Dinosaurs, DNA and Jurassic World: Fallen Kingdom


Full disclosure: Hollywood is not going to make money off my two or three movies a year attendance.  But when I do go to the cinema I want to be entertained with action adventure movies.  I grew up on movies like The Vikings. [And what was Janet Leigh thinking, preferring pasty faced Tony Curtis over that hunk, Kirk Douglas?]   John Wayne is my hero and I am still waiting for Frank Sinatra to finally make that damn train in Von Ryan’s Express!   
With this history (Jennifer Aniston, take note, there is not a romantic comedy on that list) you might guess that I like the Jurassic Park franchise.  Correct!  I will attend Jurassic World: Fallen Kingdom when it opens this month and I will not be alone.  We all like dinosaurs.  They have it all: remarkable size, distinctive features, mystique and—best of all—they are dead.  Dinosaurs, unlike personalities or ideologies, are a piece of history that can not come back to threaten us. 
Or can they?
Ever since Michael Crichton published his novel, Jurassic Park, in 1990, people have been fascinated with the thought of using pre-historic DNA to bring dinosaurs back to life.  We have intact DNA from both Neanderthals and woolly mammoths.  So why not capture some of that DNA from dino-blood encapsulated in mosquitoes caught in amber?  The concept is intriguing, and an excellent fictional premise.  Crichton gets full marks for this gambit.  But, there is a deadly flaw.  Time.
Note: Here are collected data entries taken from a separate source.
(* Let $\mathcal{L}$ be a propositional language, $\mathcal{L}_1$ an expansion of $\mathcal{L}$ with induced quantale embedding $i:\wp\Sigma_{\mathcal{L}}\to\wp\Sigma_{\mathcal{L}_1}$, and $(D,\vdash)$ a deductive system over $\mathcal{L}$ with associated nucleus $\gamma$ and $\wp\Sigma_{\mathcal{L}}$-module of theories $\mathrm{Th}$. Let $D_1$ be the domain of the same type as $D$ over $\mathcal{L}_1$. Then there exists a consequence relation $\vdash_1$ on $\wp D_1$ whose $\wp\Sigma_{\mathcal{L}_1}$-module of theories $\mathrm{Th}_1$ is isomorphic to $\wp\Sigma_{\mathcal{L}_1}\otimes_{\wp\Sigma_{\mathcal{L}}}\mathrm{Th}$.
   Context: A quantale is a complete lattice with a monoid product distributing over arbitrary joins; a left $Q$-module is a complete lattice with an associative unital action distributing over joins in each argument; a $Q$-module nucleus is a closure operator $\gamma$ with $a\gamma(u)\le\gamma(au)$, with image a $Q$-module under join $\gamma(\bigvee\cdot)$ and action $\gamma(au)$. For a language $\mathcal{L}$ and fixed denumerable $\mathrm{Var}$: $\mathit{Fm}_{\mathcal{L}}$ term algebra, $\Sigma_{\mathcal{L}}$ monoid of substitutions, $\wp\Sigma_{\mathcal{L}}$ quantale of subsets (union, elementwise composition, unit $\{\mathrm{id}\}$). A domain is formulas, equations $\mathit{Fm}_{\mathcal{L}}^2$ or sequents $\bigcup_{(m,n)\in T}\mathit{Fm}_{\mathcal{L}}^m\times\mathit{Fm}_{\mathcal{L}}^n$; "same type" means the same kind (and same $T$). $\wp D$ is a left $\wp\Sigma_{\mathcal{L}}$-module via $\Sigma\cdot\Phi=\{\sigma(\varphi)\}$. A (structural) consequence relation corresponds to the nucleus $\gamma(\Phi)=\{\psi:\Phi\vdash\psi\}$ on $\wp D$ and has module of theories $(\wp D)_\gamma$. An expansion $\mathcal{L}_1$ contains all connectives of $\mathcal{L}$ with the same arities; $i$ maps each substitution to the unique $\mathcal{L}_1$-substitution with the same values on $\mathrm{Var}$, making $\wp\Sigma_{\mathcal{L}_1}$ a right $\wp\Sigma_{\mathcal{L}}$-module. The tensor product $M_1\otimes_Q M_2$ (right module $M_1$, left module $M_2$) is the quotient of the free sup-lattice $\wp(M_1\times M_2)$ by the sup-lattice congruence generated by $(\{(\bigvee X,y)\},\bigcup_{x\in X}\{(x,y)\})$, $(\{(x,\bigvee Y)\},\bigcup_{y\in Y}\{(x,y)\})$, $(\{(xa,y)\},\{(x,ay)\})$, a left $\wp\Sigma_{\mathcal{L}_1}$-module via the first factor. *)

theory Defs
  imports Main
begin

text \<open>Formulas over a fixed denumerable set of variables (indexed by nat) and
 connectives of type 'c. A language is a partial map from connectives to arities.\<close>

datatype 'c fm = Var nat | App 'c "'c fm list"

type_synonym 'c lang = "'c \<Rightarrow> nat option"

inductive_set Fm :: "'c lang \<Rightarrow> 'c fm set" for L :: "'c lang" where
  Fm_Var: "Var v \<in> Fm L"
| Fm_App: "L c = Some (length xs) \<Longrightarrow> \<forall>x\<in>set xs. x \<in> Fm L \<Longrightarrow> App c xs \<in> Fm L"

definition expansion :: "'c lang \<Rightarrow> 'c lang \<Rightarrow> bool" where
  "expansion L L1 \<longleftrightarrow> L \<subseteq>\<^sub>m L1"

type_synonym 'c subst = "nat \<Rightarrow> 'c fm"

fun subst :: "'c subst \<Rightarrow> 'c fm \<Rightarrow> 'c fm" where
  "subst \<sigma> (Var v) = \<sigma> v"
| "subst \<sigma> (App c xs) = App c (map (subst \<sigma>) xs)"

definition Subst :: "'c lang \<Rightarrow> 'c subst set" where
  "Subst L = {\<sigma>. \<forall>v. \<sigma> v \<in> Fm L}"

definition scomp :: "'c subst \<Rightarrow> 'c subst \<Rightarrow> 'c subst" where
  "scomp \<sigma> \<tau> = (\<lambda>v. subst \<sigma> (\<tau> v))"

definition qmult :: "'c subst set \<Rightarrow> 'c subst set \<Rightarrow> 'c subst set" where
  "qmult A B = {scomp \<sigma> \<tau> | \<sigma> \<tau>. \<sigma> \<in> A \<and> \<tau> \<in> B}"

text \<open>The map i: an L-substitution goes to the unique L1-substitution with the same
 values on the variables; with our representation this is the same function.\<close>
definition subst_embed :: "'c subst \<Rightarrow> 'c subst" where
  "subst_embed \<sigma> = (\<lambda>v. \<sigma> v)"

definition qemb :: "'c subst set \<Rightarrow> 'c subst set" where
  "qemb A = subst_embed ` A"

text \<open>Elements of a domain are encoded as pairs of formula lists: a formula phi as
 ([phi],[]), an equation phi = psi as ([phi],[psi]), a sequent as (lhs, rhs).\<close>
type_synonym 'c elem = "'c fm list \<times> 'c fm list"

datatype dkind = Formulas | Equations | Sequents "(nat \<times> nat) set"

fun domain_of :: "dkind \<Rightarrow> 'c lang \<Rightarrow> 'c elem set" where
  "domain_of Formulas L = {([\<phi>], []) | \<phi>. \<phi> \<in> Fm L}"
| "domain_of Equations L = {([\<phi>], [\<psi>]) | \<phi> \<psi>. \<phi> \<in> Fm L \<and> \<psi> \<in> Fm L}"
| "domain_of (Sequents T) L = {(xs, ys). (length xs, length ys) \<in> T \<and>
      set xs \<subseteq> Fm L \<and> set ys \<subseteq> Fm L}"

definition sact :: "'c subst \<Rightarrow> 'c elem \<Rightarrow> 'c elem" where
  "sact \<sigma> e = (map (subst \<sigma>) (fst e), map (subst \<sigma>) (snd e))"

definition sset :: "'c subst set \<Rightarrow> 'c elem set \<Rightarrow> 'c elem set" where
  "sset A \<Phi> = {sact \<sigma> \<phi> | \<sigma> \<phi>. \<sigma> \<in> A \<and> \<phi> \<in> \<Phi>}"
The oldest known DNA is about a million years old.  To go back to DNA from dinosaurs we must back track at least another 66 million years.  The DNA in those mosquitoes is simply too degraded to be useful.  A single snip of DNA does not a dinosaur make.    
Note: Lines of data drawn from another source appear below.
lemma harmonic_coboundary_eq_0:
  assumes P: "row_stochastic P" and harmonic: "mat_vec P k = k"
    and coboundary: "k = (\<lambda>s. y s - mat_vec P y s)"
  shows "k s = 0"
proof (rule ccontr)
  assume "k s \<noteq> 0"
  obtain B where B: "\<And>t. \<bar>y t\<bar> \<le> B" using ex_abs_bound by blast
  \<comment> \<open>Summing the first \<open>T\<close> iterates of \<open>k\<close> gives \<open>T k\<close>, but also a telescoping sum bounded by \<open>2 B\<close>.\<close>
  have bounded: "\<bar>real T * k s\<bar> \<le> 2 * B" for T
  proof -
    have "real T * k s = (\<Sum>t<T. (mat_vec P ^^ t) k s)"
      using funpow_mat_vec_fixed[OF harmonic] by simp
    also have "\<dots> = y s - (mat_vec P ^^ T) y s"
      unfolding coboundary by (rule sum_funpow_mat_vec_telescope)
    finally show ?thesis
      using funpow_mat_vec_diff_abs_le[where x = y, OF P B, of 0 s T] by simp
  qed
  obtain T :: nat where "real T > 2 * B / \<bar>k s\<bar>" using reals_Archimedean2 by blast
  then have "real T * \<bar>k s\<bar> > 2 * B" using \<open>k s \<noteq> 0\<close> by (simp add: field_simps)
  moreover have "\<bar>real T * k s\<bar> = real T * \<bar>k s\<bar>" by (simp add: abs_mult)
  ultimately show False using bounded[of T] by linarith
qed

lemma harmonic_coboundary_decomposition:
  fixes P :: "'s::finite \<Rightarrow> 's \<Rightarrow> real"
  assumes P: "row_stochastic P"
  obtains k w z where "mat_vec P k = k" and "w = (\<lambda>s. z s - mat_vec P z s)"
    and "x = (\<lambda>s. k s + (w s - mat_vec P w s))"
proof -
  define F :: "real^'s \<Rightarrow> real^'s" where "F v = (\<chi> s. v $ s - mat_vec P (($) v) s)" for v
  have lin: "linear F"
    unfolding F_def
    by (rule linearI) (simp_all add: vec_eq_iff mat_vec_def algebra_simps sum.distrib sum_distrib_left)
  have "v = 0" if in_range: "v \<in> range F" and in_kernel: "F v = 0" for v
  proof -
    obtain y where y: "v = F y" using in_range by blast
    have "mat_vec P (($) v) = ($) v"
      using in_kernel by (simp add: F_def vec_eq_iff fun_eq_iff)
    moreover have "($) v = (\<lambda>s. y $ s - mat_vec P (($) y) s)"
      using y by (simp add: F_def fun_eq_iff)
    ultimately show ?thesis
      using harmonic_coboundary_eq_0[OF P] by (metis vec_eq_iff zero_index)
  qed
  then obtain k y where k: "F k = 0" and x: "vec_lambda x = k + F (F y)"
    using range_kernel_decomposition[OF lin] by blast
  show ?thesis
  proof (rule that)
    show "mat_vec P (($) k) = ($) k"
      using k by (simp add: F_def vec_eq_iff fun_eq_iff)
    show "($) (F y) = (\<lambda>s. y $ s - mat_vec P (($) y) s)"
      by (simp add: F_def fun_eq_iff)
    show "x = (\<lambda>s. k $ s + (F y $ s - mat_vec P (($) (F y)) s))"
      using x by (simp add: F_def vec_eq_iff fun_eq_iff)
  qed
qed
We do know the overall genomic structure of dinosaurs.  But that does not mean we know the DNA structure of specific animals (T-rex, for example).  Dinosaurs emerged about 240 million years ago.  They first show up in the Mesozoic era, which is divided into three periods (from oldest to youngest) the Triassic, Jurassic and Cretaceous.  That is much older than the intact DNA from woolly mammoths and Neanderthals that occur in the Pleistocene and Holocene periods of the Cenozoic era respectively.  To let you know just how recent that is, keep in mind that we live in the Holocene period ourselves.   
But even if we had a reasonable amount of dino-DNA, that still doesn’t equal a dinosaur.  Filling in the gaps in fragmented DNA with frog (or better still, bird)  DNA does not produce a dinosaur any more than a bird or a frog.
What is more, if you put this altered DNA into a non-dinosaur egg you have a further misalignment of events.  A strand of DNA does not spontaneously grow into its assigned creature.  There is a cascade of chemical interactions that cause certain genes to switch on and off at exactly the right time to trigger the creation of our little triceratops.  These chemical switches are unique to each egg.  People have tried putting chicken DNA into an ostrich egg to see what comes out.  The answer is nothing.  The magic of ostrich eggs only works for ostriches.  Chicken DNA dies in those eggs.  You may or may not be able to put woolly mammoth DNA into an elephant egg, but dinosaur DNA in any Cenozoic egg is an incredible stretch. 
If you really want to see living dinosaurs, look at the birds.  They are the remnants of the last great extinction of the dinosaurs at the end of the Mesozoic. If you want to create your own velociraptor—well—it isn’t going to happen any time soon.   
Life is a knowable and understandable miracle, but it is still a miracle.  Keep the faith.